Dataset records =

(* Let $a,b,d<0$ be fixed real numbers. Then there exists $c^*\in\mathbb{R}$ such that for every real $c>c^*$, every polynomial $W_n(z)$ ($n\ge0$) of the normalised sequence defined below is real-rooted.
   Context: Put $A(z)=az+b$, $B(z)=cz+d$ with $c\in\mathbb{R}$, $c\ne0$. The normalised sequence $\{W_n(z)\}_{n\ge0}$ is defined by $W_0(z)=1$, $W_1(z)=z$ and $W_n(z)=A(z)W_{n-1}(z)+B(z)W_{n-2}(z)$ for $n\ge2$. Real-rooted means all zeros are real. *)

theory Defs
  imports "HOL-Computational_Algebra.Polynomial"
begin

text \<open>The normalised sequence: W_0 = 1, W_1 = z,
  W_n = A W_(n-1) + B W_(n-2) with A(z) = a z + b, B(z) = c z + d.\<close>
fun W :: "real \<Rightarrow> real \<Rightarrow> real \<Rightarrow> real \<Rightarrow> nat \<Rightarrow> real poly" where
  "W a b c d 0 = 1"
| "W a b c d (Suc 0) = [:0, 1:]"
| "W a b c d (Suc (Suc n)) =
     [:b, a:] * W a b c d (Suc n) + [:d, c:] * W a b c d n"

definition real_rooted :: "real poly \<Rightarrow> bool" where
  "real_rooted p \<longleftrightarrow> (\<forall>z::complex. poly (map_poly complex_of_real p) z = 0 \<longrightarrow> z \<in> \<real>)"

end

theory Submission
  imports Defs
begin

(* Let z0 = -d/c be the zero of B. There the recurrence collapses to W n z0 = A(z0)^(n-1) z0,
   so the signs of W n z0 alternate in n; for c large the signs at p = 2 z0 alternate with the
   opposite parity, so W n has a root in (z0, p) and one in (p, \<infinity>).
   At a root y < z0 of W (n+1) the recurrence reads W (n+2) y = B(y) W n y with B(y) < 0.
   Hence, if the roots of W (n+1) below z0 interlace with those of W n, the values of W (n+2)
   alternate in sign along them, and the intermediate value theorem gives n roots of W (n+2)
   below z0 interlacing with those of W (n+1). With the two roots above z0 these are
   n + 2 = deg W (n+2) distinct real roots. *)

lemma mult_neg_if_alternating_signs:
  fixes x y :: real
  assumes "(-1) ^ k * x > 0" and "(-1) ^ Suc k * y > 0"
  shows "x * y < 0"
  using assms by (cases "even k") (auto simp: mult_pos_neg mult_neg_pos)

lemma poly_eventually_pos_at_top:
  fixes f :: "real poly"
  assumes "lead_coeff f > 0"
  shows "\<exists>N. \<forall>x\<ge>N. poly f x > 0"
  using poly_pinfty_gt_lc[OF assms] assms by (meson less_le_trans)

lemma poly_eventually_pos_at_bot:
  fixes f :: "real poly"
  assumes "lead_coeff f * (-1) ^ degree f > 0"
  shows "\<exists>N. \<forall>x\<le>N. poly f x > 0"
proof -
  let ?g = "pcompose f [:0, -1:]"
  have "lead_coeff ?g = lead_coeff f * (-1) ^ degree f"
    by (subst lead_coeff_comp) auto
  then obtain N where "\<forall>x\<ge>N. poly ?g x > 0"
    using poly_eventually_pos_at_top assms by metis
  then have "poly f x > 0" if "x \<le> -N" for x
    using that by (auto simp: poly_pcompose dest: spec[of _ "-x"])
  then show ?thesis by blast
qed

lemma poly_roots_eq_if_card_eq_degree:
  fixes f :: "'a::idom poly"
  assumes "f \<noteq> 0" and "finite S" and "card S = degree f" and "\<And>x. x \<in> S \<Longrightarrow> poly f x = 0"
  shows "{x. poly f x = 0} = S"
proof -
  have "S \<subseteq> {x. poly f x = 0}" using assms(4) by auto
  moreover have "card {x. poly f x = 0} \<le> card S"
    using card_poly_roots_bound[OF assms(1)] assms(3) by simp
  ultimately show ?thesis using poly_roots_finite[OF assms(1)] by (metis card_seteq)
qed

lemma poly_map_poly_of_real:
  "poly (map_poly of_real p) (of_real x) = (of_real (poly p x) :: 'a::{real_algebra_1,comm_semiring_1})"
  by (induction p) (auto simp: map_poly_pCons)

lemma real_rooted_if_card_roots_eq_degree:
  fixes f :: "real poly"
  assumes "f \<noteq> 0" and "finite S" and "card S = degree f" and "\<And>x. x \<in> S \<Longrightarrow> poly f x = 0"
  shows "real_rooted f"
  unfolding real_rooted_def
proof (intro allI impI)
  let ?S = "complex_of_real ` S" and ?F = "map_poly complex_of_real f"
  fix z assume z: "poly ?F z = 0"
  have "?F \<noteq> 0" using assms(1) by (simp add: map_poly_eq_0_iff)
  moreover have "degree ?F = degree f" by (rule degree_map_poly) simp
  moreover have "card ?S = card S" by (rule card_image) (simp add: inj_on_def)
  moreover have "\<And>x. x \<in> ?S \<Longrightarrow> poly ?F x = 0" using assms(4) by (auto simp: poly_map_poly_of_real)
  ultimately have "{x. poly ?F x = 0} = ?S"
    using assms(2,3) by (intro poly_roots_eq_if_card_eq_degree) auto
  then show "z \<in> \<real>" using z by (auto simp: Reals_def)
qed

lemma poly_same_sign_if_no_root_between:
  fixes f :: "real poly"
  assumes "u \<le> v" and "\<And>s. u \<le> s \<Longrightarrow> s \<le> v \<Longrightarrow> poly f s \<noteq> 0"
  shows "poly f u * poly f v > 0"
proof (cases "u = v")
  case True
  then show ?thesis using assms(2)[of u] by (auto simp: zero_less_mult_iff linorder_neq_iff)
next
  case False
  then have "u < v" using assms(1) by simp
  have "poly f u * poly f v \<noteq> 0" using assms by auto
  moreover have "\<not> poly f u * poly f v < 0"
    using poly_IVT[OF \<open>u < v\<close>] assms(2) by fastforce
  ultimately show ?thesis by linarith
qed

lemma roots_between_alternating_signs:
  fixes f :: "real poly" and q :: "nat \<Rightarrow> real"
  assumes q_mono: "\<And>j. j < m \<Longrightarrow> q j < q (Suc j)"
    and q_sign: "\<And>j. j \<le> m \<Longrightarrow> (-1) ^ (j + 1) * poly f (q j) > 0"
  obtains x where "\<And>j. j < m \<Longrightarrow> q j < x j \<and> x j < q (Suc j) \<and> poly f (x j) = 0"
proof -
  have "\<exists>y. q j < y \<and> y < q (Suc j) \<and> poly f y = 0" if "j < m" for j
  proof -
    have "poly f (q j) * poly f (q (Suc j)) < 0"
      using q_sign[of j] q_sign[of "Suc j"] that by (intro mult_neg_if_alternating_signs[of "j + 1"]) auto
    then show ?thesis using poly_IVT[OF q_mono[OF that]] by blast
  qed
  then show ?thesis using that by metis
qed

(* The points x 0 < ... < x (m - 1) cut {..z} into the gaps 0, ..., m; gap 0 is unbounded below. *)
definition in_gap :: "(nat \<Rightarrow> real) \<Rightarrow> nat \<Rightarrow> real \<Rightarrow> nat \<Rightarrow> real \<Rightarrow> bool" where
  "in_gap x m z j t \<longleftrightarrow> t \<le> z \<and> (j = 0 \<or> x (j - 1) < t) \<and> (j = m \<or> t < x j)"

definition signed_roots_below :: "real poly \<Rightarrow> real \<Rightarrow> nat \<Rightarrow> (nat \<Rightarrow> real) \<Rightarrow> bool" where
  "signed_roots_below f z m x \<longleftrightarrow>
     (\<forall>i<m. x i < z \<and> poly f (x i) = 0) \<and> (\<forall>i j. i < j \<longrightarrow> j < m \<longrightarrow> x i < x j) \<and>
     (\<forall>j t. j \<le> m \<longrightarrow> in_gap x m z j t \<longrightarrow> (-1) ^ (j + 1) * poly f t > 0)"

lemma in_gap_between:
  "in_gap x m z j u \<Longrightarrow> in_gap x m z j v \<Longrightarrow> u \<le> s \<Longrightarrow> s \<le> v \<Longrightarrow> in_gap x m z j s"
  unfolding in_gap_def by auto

Work order = For the lines above, output exactly those from the line containing "n + 2 = deg" through the line containing "(map_poly of_real p)", and skip the others.

Expected answer =
   n + 2 = deg W (n+2) distinct real roots. *)

lemma mult_neg_if_alternating_signs:
  fixes x y :: real
  assumes "(-1) ^ k * x > 0" and "(-1) ^ Suc k * y > 0"
  shows "x * y < 0"
  using assms by (cases "even k") (auto simp: mult_pos_neg mult_neg_pos)

lemma poly_eventually_pos_at_top:
  fixes f :: "real poly"
  assumes "lead_coeff f > 0"
  shows "\<exists>N. \<forall>x\<ge>N. poly f x > 0"
  using poly_pinfty_gt_lc[OF assms] assms by (meson less_le_trans)

lemma poly_eventually_pos_at_bot:
  fixes f :: "real poly"
  assumes "lead_coeff f * (-1) ^ degree f > 0"
  shows "\<exists>N. \<forall>x\<le>N. poly f x > 0"
proof -
  let ?g = "pcompose f [:0, -1:]"
  have "lead_coeff ?g = lead_coeff f * (-1) ^ degree f"
    by (subst lead_coeff_comp) auto
  then obtain N where "\<forall>x\<ge>N. poly ?g x > 0"
    using poly_eventually_pos_at_top assms by metis
  then have "poly f x > 0" if "x \<le> -N" for x
    using that by (auto simp: poly_pcompose dest: spec[of _ "-x"])
  then show ?thesis by blast
qed

lemma poly_roots_eq_if_card_eq_degree:
  fixes f :: "'a::idom poly"
  assumes "f \<noteq> 0" and "finite S" and "card S = degree f" and "\<And>x. x \<in> S \<Longrightarrow> poly f x = 0"
  shows "{x. poly f x = 0} = S"
proof -
  have "S \<subseteq> {x. poly f x = 0}" using assms(4) by auto
  moreover have "card {x. poly f x = 0} \<le> card S"
    using card_poly_roots_bound[OF assms(1)] assms(3) by simp
  ultimately show ?thesis using poly_roots_finite[OF assms(1)] by (metis card_seteq)
qed

lemma poly_map_poly_of_real:
  "poly (map_poly of_real p) (of_real x) = (of_real (poly p x) :: 'a::{real_algebra_1,comm_semiring_1})"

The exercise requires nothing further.